• DATA FOR THE TASK
━━━━━━━━━━━━━━━━━━━━━━━━━━━━━━

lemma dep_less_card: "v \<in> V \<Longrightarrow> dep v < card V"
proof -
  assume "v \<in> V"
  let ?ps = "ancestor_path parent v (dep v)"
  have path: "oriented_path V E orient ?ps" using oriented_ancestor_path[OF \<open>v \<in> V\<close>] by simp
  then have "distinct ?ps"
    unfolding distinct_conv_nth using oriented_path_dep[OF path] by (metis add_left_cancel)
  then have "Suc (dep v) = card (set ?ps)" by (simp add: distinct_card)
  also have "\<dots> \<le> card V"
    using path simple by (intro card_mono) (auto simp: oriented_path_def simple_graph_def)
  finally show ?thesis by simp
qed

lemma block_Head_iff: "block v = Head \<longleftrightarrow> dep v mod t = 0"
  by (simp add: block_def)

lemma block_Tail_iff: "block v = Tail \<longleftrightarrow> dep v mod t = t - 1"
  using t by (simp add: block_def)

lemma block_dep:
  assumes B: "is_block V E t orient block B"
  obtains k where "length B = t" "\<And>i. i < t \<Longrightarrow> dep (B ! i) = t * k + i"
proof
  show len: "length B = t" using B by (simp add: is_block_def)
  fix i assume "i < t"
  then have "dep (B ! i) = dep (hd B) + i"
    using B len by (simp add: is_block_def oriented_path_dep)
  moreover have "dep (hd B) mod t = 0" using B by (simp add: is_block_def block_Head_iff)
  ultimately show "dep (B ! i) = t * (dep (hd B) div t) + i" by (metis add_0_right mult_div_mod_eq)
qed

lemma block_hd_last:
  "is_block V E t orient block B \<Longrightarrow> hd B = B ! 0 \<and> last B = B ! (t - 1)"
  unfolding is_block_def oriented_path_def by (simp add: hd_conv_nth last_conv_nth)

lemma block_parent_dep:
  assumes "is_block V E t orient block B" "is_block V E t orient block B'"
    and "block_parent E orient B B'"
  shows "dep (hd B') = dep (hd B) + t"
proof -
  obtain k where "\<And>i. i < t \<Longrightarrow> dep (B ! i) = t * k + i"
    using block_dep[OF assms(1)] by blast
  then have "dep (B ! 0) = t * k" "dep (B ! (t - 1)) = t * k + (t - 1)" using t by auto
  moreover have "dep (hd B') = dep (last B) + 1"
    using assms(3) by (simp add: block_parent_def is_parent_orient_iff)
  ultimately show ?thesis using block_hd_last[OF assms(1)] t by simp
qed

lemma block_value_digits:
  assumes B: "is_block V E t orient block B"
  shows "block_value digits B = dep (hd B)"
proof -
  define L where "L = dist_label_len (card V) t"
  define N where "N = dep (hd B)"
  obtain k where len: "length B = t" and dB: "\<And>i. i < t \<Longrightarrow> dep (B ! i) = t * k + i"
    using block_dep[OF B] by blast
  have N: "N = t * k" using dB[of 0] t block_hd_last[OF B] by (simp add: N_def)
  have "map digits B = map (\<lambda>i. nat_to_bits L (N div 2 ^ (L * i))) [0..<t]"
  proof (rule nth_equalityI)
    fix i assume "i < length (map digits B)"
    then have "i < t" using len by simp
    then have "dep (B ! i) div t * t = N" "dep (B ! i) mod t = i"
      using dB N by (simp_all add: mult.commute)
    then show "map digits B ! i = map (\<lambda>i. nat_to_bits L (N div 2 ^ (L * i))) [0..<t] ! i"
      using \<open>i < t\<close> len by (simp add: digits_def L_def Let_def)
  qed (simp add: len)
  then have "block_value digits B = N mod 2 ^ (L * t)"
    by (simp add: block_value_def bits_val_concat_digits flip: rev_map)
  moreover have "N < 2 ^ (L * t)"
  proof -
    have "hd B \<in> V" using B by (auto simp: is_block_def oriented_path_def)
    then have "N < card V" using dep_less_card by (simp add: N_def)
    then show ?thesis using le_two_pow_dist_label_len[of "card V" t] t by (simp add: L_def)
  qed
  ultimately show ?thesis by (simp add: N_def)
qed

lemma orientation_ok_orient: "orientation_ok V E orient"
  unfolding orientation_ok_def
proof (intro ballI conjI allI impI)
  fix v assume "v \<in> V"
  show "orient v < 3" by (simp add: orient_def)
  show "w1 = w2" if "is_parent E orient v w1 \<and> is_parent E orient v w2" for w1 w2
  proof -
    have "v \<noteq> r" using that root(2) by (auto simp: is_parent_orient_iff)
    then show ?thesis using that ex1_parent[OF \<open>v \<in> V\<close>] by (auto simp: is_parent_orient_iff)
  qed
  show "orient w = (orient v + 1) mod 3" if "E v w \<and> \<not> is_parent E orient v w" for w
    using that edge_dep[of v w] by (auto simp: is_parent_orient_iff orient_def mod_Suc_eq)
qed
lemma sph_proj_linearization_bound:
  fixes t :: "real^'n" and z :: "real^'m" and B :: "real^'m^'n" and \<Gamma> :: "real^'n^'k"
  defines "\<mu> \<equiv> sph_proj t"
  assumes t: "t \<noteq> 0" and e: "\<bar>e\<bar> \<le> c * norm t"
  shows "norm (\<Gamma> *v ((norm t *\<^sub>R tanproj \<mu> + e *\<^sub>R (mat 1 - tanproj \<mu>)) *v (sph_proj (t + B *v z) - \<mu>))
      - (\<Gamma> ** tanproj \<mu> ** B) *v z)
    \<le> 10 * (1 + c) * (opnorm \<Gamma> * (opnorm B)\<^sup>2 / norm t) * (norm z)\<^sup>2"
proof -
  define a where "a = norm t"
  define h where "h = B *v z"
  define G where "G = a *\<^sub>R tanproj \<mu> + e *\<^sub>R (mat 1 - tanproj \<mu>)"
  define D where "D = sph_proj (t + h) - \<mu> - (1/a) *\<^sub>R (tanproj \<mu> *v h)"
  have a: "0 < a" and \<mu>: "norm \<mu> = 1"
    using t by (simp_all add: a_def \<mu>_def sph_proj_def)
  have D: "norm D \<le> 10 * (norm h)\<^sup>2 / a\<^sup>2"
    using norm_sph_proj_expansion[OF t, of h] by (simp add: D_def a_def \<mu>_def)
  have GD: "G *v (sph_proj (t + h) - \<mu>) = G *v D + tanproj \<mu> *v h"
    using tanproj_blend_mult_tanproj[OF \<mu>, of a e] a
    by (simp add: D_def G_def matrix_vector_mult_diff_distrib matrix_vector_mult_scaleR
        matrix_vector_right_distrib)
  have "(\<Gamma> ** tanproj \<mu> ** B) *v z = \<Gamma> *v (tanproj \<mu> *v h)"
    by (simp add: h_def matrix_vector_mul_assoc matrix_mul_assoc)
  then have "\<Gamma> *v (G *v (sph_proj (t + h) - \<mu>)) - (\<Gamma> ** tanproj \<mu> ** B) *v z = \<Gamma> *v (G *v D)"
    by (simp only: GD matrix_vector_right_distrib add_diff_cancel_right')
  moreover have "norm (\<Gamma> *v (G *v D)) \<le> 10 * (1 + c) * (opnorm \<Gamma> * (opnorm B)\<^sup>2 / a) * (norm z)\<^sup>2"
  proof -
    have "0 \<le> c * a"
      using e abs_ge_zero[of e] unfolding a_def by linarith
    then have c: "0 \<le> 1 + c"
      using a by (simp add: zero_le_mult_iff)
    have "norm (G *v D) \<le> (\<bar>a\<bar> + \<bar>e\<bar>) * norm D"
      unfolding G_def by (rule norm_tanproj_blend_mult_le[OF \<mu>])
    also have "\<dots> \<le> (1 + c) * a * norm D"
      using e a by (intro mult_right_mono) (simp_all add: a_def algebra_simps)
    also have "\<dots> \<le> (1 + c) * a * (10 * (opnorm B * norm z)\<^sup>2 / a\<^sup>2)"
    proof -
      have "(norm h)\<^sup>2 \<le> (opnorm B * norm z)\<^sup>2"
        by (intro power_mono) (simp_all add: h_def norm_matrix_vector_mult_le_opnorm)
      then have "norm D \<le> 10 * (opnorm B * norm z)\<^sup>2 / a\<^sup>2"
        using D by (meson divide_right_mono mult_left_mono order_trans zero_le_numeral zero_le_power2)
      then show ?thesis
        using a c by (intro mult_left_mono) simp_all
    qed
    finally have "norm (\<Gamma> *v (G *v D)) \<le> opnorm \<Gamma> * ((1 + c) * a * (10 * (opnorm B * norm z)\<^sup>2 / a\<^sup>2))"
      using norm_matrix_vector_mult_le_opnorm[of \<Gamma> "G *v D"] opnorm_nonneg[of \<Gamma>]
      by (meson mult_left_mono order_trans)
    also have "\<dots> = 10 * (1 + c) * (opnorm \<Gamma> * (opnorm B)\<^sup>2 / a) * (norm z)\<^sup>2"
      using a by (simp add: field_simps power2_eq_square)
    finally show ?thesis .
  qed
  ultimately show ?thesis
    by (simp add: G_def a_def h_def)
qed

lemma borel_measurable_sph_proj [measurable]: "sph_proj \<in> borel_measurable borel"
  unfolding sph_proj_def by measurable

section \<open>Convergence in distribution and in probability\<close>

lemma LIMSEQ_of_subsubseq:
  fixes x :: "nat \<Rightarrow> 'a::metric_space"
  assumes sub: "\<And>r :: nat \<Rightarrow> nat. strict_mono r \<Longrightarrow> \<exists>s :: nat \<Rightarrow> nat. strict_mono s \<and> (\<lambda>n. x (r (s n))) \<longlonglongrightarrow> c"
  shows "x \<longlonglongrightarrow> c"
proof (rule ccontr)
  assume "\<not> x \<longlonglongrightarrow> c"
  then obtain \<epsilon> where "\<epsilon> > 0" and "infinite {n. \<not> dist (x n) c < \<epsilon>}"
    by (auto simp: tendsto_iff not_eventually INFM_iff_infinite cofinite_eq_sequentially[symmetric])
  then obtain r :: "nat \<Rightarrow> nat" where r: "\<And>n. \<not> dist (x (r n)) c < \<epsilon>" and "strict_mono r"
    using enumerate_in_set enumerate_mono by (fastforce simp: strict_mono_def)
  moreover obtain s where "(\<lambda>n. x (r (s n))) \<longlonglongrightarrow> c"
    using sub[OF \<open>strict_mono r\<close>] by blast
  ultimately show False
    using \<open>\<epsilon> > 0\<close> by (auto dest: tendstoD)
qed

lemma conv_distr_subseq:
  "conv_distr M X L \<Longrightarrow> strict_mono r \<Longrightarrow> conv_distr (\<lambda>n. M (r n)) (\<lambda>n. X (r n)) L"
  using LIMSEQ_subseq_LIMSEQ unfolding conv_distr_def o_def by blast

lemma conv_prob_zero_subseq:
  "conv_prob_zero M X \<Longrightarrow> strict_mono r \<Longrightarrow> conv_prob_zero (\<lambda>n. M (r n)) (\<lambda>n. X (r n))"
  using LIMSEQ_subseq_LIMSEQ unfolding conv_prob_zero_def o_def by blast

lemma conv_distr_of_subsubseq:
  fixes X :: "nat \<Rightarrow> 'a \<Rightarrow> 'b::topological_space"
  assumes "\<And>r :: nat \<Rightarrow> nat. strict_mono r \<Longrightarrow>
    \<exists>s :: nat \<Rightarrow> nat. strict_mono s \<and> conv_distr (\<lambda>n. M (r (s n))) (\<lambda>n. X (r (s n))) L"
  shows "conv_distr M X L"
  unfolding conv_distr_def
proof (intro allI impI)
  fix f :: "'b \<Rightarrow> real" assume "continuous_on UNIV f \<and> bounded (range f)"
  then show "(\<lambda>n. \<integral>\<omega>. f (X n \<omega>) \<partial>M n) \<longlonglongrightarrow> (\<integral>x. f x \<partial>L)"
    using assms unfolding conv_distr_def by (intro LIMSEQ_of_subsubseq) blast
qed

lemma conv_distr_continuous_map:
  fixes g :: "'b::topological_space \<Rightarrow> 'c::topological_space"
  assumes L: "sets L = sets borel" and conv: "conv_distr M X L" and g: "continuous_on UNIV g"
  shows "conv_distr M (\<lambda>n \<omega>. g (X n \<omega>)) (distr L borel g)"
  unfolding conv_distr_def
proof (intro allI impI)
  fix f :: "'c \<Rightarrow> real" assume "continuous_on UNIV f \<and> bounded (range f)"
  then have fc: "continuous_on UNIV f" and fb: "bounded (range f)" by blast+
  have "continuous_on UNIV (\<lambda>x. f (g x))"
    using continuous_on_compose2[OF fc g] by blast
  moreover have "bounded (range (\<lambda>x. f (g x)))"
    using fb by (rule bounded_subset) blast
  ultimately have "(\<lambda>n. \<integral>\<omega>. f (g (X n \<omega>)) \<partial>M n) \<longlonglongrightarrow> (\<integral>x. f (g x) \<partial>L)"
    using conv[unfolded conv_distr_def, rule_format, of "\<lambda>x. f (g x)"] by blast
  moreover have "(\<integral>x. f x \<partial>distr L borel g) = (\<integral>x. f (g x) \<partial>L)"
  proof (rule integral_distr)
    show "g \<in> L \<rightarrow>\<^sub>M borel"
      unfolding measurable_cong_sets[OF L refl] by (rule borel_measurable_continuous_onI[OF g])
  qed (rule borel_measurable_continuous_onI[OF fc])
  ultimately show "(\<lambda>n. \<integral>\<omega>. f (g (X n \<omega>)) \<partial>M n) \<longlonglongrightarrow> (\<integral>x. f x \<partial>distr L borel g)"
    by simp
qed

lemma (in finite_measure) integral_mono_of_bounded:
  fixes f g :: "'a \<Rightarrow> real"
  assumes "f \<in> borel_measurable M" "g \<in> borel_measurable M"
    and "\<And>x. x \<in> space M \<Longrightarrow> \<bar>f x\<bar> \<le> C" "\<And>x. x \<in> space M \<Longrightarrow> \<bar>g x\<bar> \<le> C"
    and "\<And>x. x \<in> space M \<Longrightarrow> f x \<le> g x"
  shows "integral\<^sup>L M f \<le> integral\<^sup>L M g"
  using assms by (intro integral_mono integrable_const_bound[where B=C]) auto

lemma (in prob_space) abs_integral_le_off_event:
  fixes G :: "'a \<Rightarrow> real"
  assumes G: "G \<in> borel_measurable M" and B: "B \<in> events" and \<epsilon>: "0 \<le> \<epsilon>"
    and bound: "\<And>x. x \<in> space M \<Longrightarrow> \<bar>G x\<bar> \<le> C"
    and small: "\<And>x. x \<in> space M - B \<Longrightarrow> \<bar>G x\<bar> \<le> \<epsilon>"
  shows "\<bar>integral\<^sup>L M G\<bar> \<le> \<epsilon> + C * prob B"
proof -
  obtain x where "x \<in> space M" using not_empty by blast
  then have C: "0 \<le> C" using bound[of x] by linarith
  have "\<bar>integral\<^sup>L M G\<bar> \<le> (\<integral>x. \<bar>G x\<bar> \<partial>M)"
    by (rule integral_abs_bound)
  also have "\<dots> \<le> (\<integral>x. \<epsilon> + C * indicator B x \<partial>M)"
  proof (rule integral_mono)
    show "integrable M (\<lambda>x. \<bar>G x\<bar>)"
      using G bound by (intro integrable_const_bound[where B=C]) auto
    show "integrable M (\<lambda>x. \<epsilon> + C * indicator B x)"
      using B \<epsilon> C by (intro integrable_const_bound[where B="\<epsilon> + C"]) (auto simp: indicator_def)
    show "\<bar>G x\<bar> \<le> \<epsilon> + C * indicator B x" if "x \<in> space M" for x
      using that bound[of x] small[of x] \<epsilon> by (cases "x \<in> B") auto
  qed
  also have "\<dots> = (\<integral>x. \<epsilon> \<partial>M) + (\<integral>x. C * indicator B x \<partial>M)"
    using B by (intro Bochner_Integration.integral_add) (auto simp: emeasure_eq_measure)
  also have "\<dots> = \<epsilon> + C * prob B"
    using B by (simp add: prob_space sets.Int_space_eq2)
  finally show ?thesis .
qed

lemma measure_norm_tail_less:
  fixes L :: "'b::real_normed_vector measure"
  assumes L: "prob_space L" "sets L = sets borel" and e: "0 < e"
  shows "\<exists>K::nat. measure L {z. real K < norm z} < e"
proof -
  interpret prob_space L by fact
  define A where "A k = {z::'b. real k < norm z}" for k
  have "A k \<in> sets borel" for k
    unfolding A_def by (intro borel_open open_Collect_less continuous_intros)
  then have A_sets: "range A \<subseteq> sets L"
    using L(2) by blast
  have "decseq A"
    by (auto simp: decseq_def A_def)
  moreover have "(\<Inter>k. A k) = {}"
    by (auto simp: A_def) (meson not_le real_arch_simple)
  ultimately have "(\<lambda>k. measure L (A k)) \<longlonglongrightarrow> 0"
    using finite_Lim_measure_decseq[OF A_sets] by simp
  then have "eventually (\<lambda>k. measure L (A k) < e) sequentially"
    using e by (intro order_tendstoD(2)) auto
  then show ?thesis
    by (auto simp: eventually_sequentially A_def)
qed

━━━━━━━━━━━━━━━━━━━━━━━━━━━━━━

• INSTRUCTIONS TO FOLLOW
All that belongs in your answer is the stretch of entries above from the line with "- B \<Longrightarrow>" through the line with "x] by linarith", printed exactly.

• REPLY
    and small: "\<And>x. x \<in> space M - B \<Longrightarrow> \<bar>G x\<bar> \<le> \<epsilon>"
  shows "\<bar>integral\<^sup>L M G\<bar> \<le> \<epsilon> + C * prob B"
proof -
  obtain x where "x \<in> space M" using not_empty by blast
  then have C: "0 \<le> C" using bound[of x] by linarith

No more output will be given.